Текст книги "7том. Восстание ангелов. Маленький Пьер. Жизнь в цвету. Новеллы. Рабле"
Автор книги: Анатоль Франс
Жанр:
Классическая проза
сообщить о нарушении
Текущая страница: 14 (всего у книги 59 страниц)
Глава тридцать первая,
из которой мы с изумлением узнаем, как легко человек честный, робкий и кроткий может совершить ужасное преступление
Глубоко расстроенный непонятными речами юного Мориса, г-н Сарьетт сел в автобус и поехал к папаше Гинардону, своему другу, своему единственному другу, единственному в мире человеку, которого ему приятно было видеть и слышать. Когда г-н Сарьетт вошел в лавку на улице Курсель, Гинардон был совсем один и дремал в глубоком старинном кресле. У него были вьющиеся волосы, пышная борода и багровое лицо; лиловые прожилки испещрили крылья его носа, покрасневшего от бургундского вина. Ибо – теперь уже этого нельзя было скрыть – папаша Гинардон пил. В двух шагах от него, на рабочем столике юной Октавии, засыхала роза в пустом стакане, а в корзинке валялось недоконченное вышивание. Юная Октавия все чаще и чаще уходила из магазина, а г-н Бланмениль никогда не появлялся там, когда ее не было. Это имело свою причину: три раза в неделю в пять часов они встречались в доме свиданий у Елисейских полей. Папаша Гинардон ничего об этом не знал. Он не подозревал, как велико постигшее его несчастье, но все же страдал от него.
Господин Сарьетт пожал руку старому другу и не спросил его, как поживает юная Октавия, ибо не признавал тех уз, которые их соединяли. Он охотно поговорил бы о безжалостно брошенной Зефирине, потому что ему хотелось, чтобы старик сделал ее своей законной супругой. Но г-н Сарьетт был осторожен и удовольствовался тем, что спросил у Гинардона, как он поживает.
– Отлично, – заявил Гинардон, который чувствовал себя больным, но прикидывался сильным и здоровым с тех пор, как сила и здоровье начали изменять ему. – Я, слава богу, сохранил крепость тела и духа. Я живу целомудренно. Будь целомудрен, Сарьетт. Целомудрие дает силу.

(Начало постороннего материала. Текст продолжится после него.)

text \<open>For a vertex \<open>v\<close> of the gap graph we have \<open>v\<^sup>-\<^sup>1 = v\<close>, so \<open>y \<mapsto> v y\<close> is a
  fixed-point-free involution of the row \<open>{y. (v, y) \<in> D}\<close>. The row therefore has even size,
  and so has its complement in the even set \<open>P\<close>, which is the neighbourhood of \<open>v\<close>.

  For the edges, \<open>(x, y) \<mapsto> (y, (x y)\<^sup>-\<^sup>1)\<close> is a permutation of \<open>D\<close> of order 3 whose fixed
  points are the pairs \<open>(x, x)\<close> with \<open>x = 1\<close> or \<open>x \<in> O\<^sub>3\<close>. Counting modulo 3 gives
  \<open>#D \<equiv> 1 + o\<^sub>3 \<equiv> 1\<close>, hence \<open>#\<Gamma> = #P\<^sup>2 - #D \<equiv> 0\<close>; as \<open>\<Gamma>\<close> is symmetric and irreflexive,
  \<open>#\<Gamma>\<close> is twice the number of edges. Both counts rest on the fact that a map of prime
  period \<open>p\<close> on a finite set has as many points as fixed points, modulo \<open>p\<close>.\<close>

lemma fixpoint_if_coprime_periods:
  fixes p d :: nat
  assumes "(f ^^ p) x = x" "(f ^^ d) x = x" "coprime d p" "d \<noteq> 0" "p > 1"
  shows "f x = x"
proof -
  obtain a b where bezout: "d * a = p * b + 1"
    using bezout_nat[OF \<open>d \<noteq> 0\<close>, of p] \<open>coprime d p\<close> by auto
  have "(p * b + 1) mod p = 1"
    using \<open>p > 1\<close> by (metis add.commute mod_less mod_mult_self2 mult.commute)
  then have "f x = (f ^^ ((p * b + 1) mod p)) x"
    by simp
  also have "\<dots> = (f ^^ (d * a)) x"
    using funpow_mod_eq[OF assms(1)] bezout by simp
  also have "\<dots> = x"
    using funpow_mod_eq[OF assms(2), of "d * a"] by simp
  finally show ?thesis .
qed

lemma funpow_fixpoint_iff:
  fixes p :: nat
  assumes "(f ^^ p) x = x" "p > 0"
  shows "f ((f ^^ i) x) = (f ^^ i) x \<longleftrightarrow> f x = x"
proof
  assume fixed: "f ((f ^^ i) x) = (f ^^ i) x"
  have "(f ^^ n) ((f ^^ i) x) = (f ^^ i) x" for n
    by (induction n) (simp_all add: fixed)
  then have "(f ^^ (p * i - i)) ((f ^^ i) x) = (f ^^ i) x" .
  moreover have "(f ^^ (p * i - i)) ((f ^^ i) x) = (f ^^ (p * i)) x"
    using \<open>p > 0\<close> by (simp add: funpow_add[symmetric, THEN fun_cong, simplified])
  moreover have "(f ^^ (p * i)) x = x"
    using funpow_mod_eq[OF assms(1), of "p * i"] by simp
  ultimately have "(f ^^ i) x = x" by simp
  then show "f x = x" using fixed by simp
next
  assume "f x = x"
  then show "f ((f ^^ i) x) = (f ^^ i) x" by (induction i) simp_all
qed
(* Let $\sigma_{\mathbf{X},1},\sigma_{\mathbf{X},2},\sigma_{\mathbf{K},1},\sigma_{\mathbf{K},2}\ge0$, let $\mathbf{I}$ be the $p\times p$ identity matrix, $\delta$ the Kronecker symbol, and consider matrices $\mathbf{X},\mathbf{W}\in\mathbb{R}_{>0}^{p\times m}$ and $\mathbf{K},\mathbf{V}\in\mathbb{R}_{>0}^{n\times p}$. Consider $$F(\mathbf{X}):=\frac{\sigma_{\mathbf{X},1}}{2}\|\mathbf{I}-\mathbf{X}\mathbf{W}^\intercal\|_F^2+\frac{\sigma_{\mathbf{X},2}}{2}\|\mathbf{W}-\mathbf{X}\|_F^2=:G(\mathbf{W}),$$ $$H(\mathbf{K}):=\frac{\sigma_{\mathbf{K},1}}{2}\|\mathbf{I}-\mathbf{V}^\intercal\mathbf{K}\|_F^2+\frac{\sigma_{\mathbf{K},2}}{2}\|\mathbf{V}-\mathbf{K}\|_F^2=:J(\mathbf{V}),$$ where $F$ is viewed as a function of $\mathbf{X}$ ($\mathbf{W}$ fixed), $G$ as a function of $\mathbf{W}$ ($\mathbf{X}$ fixed), $H$ as a function of $\mathbf{K}$ ($\mathbf{V}$ fixed) and $J$ as a function of $\mathbf{V}$ ($\mathbf{K}$ fixed). Then $$Q_F(\mathbf{X},\mathbf{A}):=\frac{\sigma_{\mathbf{X},1}}{2}\sum_{k=1}^p\sum_{\ell=1}^p\frac{1}{(\mathbf{A}\mathbf{W}^\intercal)_{k\ell}}\sum_{j=1}^mA_{kj}W_{\ell j}\Big(\delta_{k\ell}-\frac{X_{kj}}{A_{kj}}(\mathbf{A}\mathbf{W}^\intercal)_{k\ell}\Big)^2+\frac{\sigma_{\mathbf{X},2}}{2}\|\mathbf{W}-\mathbf{X}\|_F^2,$$ $$Q_G(\mathbf{W},\mathbf{A}):=\frac{\sigma_{\mathbf{X},1}}{2}\sum_{k=1}^p\sum_{\ell=1}^p\frac{1}{(\mathbf{X}\mathbf{A}^\intercal)_{k\ell}}\sum_{j=1}^mX_{kj}A_{\ell j}\Big(\delta_{k\ell}-\frac{W_{\ell j}}{A_{\ell j}}(\mathbf{X}\mathbf{A}^\intercal)_{k\ell}\Big)^2+\frac{\sigma_{\mathbf{X},2}}{2}\|\mathbf{W}-\mathbf{X}\|_F^2,$$ $$Q_H(\mathbf{K},\mathbf{A}):=\frac{\sigma_{\mathbf{K},1}}{2}\sum_{k=1}^p\sum_{\ell=1}^p\frac{1}{(\mathbf{V}^\intercal\mathbf{A})_{k\ell}}\sum_{i=1}^nV_{ik}A_{i\ell}\Big(\delta_{k\ell}-\frac{K_{i\ell}}{A_{i\ell}}(\mathbf{V}^\intercal\mathbf{A})_{k\ell}\Big)^2+\frac{\sigma_{\mathbf{K},2}}{2}\|\mathbf{V}-\mathbf{K}\|_F^2,$$ $$Q_J(\mathbf{V},\mathbf{A}):=\frac{\sigma_{\mathbf{K},1}}{2}\sum_{k=1}^p\sum_{\ell=1}^p\frac{1}{(\mathbf{A}^\intercal\mathbf{K})_{k\ell}}\sum_{i=1}^nA_{ik}K_{i\ell}\Big(\delta_{k\ell}-\frac{V_{ik}}{A_{ik}}(\mathbf{A}^\intercal\mathbf{K})_{k\ell}\Big)^2+\frac{\sigma_{\mathbf{K},2}}{2}\|\mathbf{V}-\mathbf{K}\|_F^2$$ define separable and convex surrogate functionals for $F$, $G$, $H$ and $J$, respectively.
   Context: The auxiliary matrices $\mathbf{A}$ have strictly positive entries (of the same size as the first argument). For an open set $\Omega$ and a function $F$ on $\Omega$, a map $Q_F:\Omega\times\Omega\to\mathbb{R}$ is a surrogate functional for $F$ if $Q_F(\mathbf{x},\mathbf{a})\ge F(\mathbf{x})$ for all $\mathbf{x},\mathbf{a}$ and $Q_F(\mathbf{x},\mathbf{x})=F(\mathbf{x})$ for all $\mathbf{x}$. A surrogate is separable if $Q_F(\mathbf{x},\mathbf{a})=\sum_i g_i(x_i,\mathbf{a})$ for some functions $g_i$ (matrix entries playing the role of coordinates). Convexity refers to the first argument. *)

theory Defs
  imports "HOL-Analysis.Analysis"
begin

В этот вечер папаша Гинардон извлек из комода фиалкового дерева несколько ценных книг, чтобы показать их известному библиофилу, г-ну Виктору Мейеру, а после того как этот клиент удалился, он заснул и не успел уложить их обратно. Г-н Сарьетт, которого всегда влекло к книгам, увидел эти экземпляры на мраморной доске комода и стал с любопытством рассматривать их. Первая книга, которую он перелистал, была «Орлеанская девственница» в сафьяновом переплете, с английскими гравюрами. Конечно, его сердцу француза и христианина претило видеть этот текст и рисунки, по хорошая книга всегда казалась ему целомудренной и чистой. Продолжая вести с Гинардоном задушевную беседу, он одну за другой брал в руки книги, которые антиквар ценил за переплет, за эстампы, за происхождение или редкость; вдруг он испустил восторженный крик радости и любви. Он нашел «Лукреция» приора Вандомского, своего «Лукреция», и теперь прижимал его к сердцу.
– Наконец-то я нашел его, – вздыхал он, поднося книгу к губам.
Папаша Гинардон сперва не понял, что хочет сказать его старый друг. Но когда тот заявил, что книга эта из библиотеки д'Эспарвье, что она принадлежит ему, Сарьетту, что он заберет ее без всяких разговоров, антиквар, окончательно пробудившись, поднялся и твердо заявил, что книга эта его, Гинардона, собственность, что он купил ее самым законным образом и не отдаст иначе, как за пять тысяч франков – ни больше, ни меньше.
– Да вы не поняли, что я вам говорю, – ответил Сарьетт. – Эта книга из библиотеки д'Эспарвье. Я должен возвратить ее туда.
– Ну, нет, дружок…
– Это моя книга.
– Вы сошли с ума, милый Сарьетт!
Заметив, что у библиотекаря действительно какой-то безумный вид, он взял у него из рук книгу и попытался переменить разговор.
– Вы обратили внимание, Сарьетт, что эти свиньи собираются распотрошить дворец Мазарини и покрыть невесть какими произведениями искусства остров Ситэ, самое величественное, самое красивое место в Париже! Да они хуже вандалов, потому что вандалы уничтожали памятники древности, но не заменяли их омерзительными строениями и мостами дурного стиля, вроде моста Александра Третьего. И ваша бедная улица Гарансьер тоже стала добычей варваров. Что они сделали с красивым бронзовым маскароном на дворцовом фонтане?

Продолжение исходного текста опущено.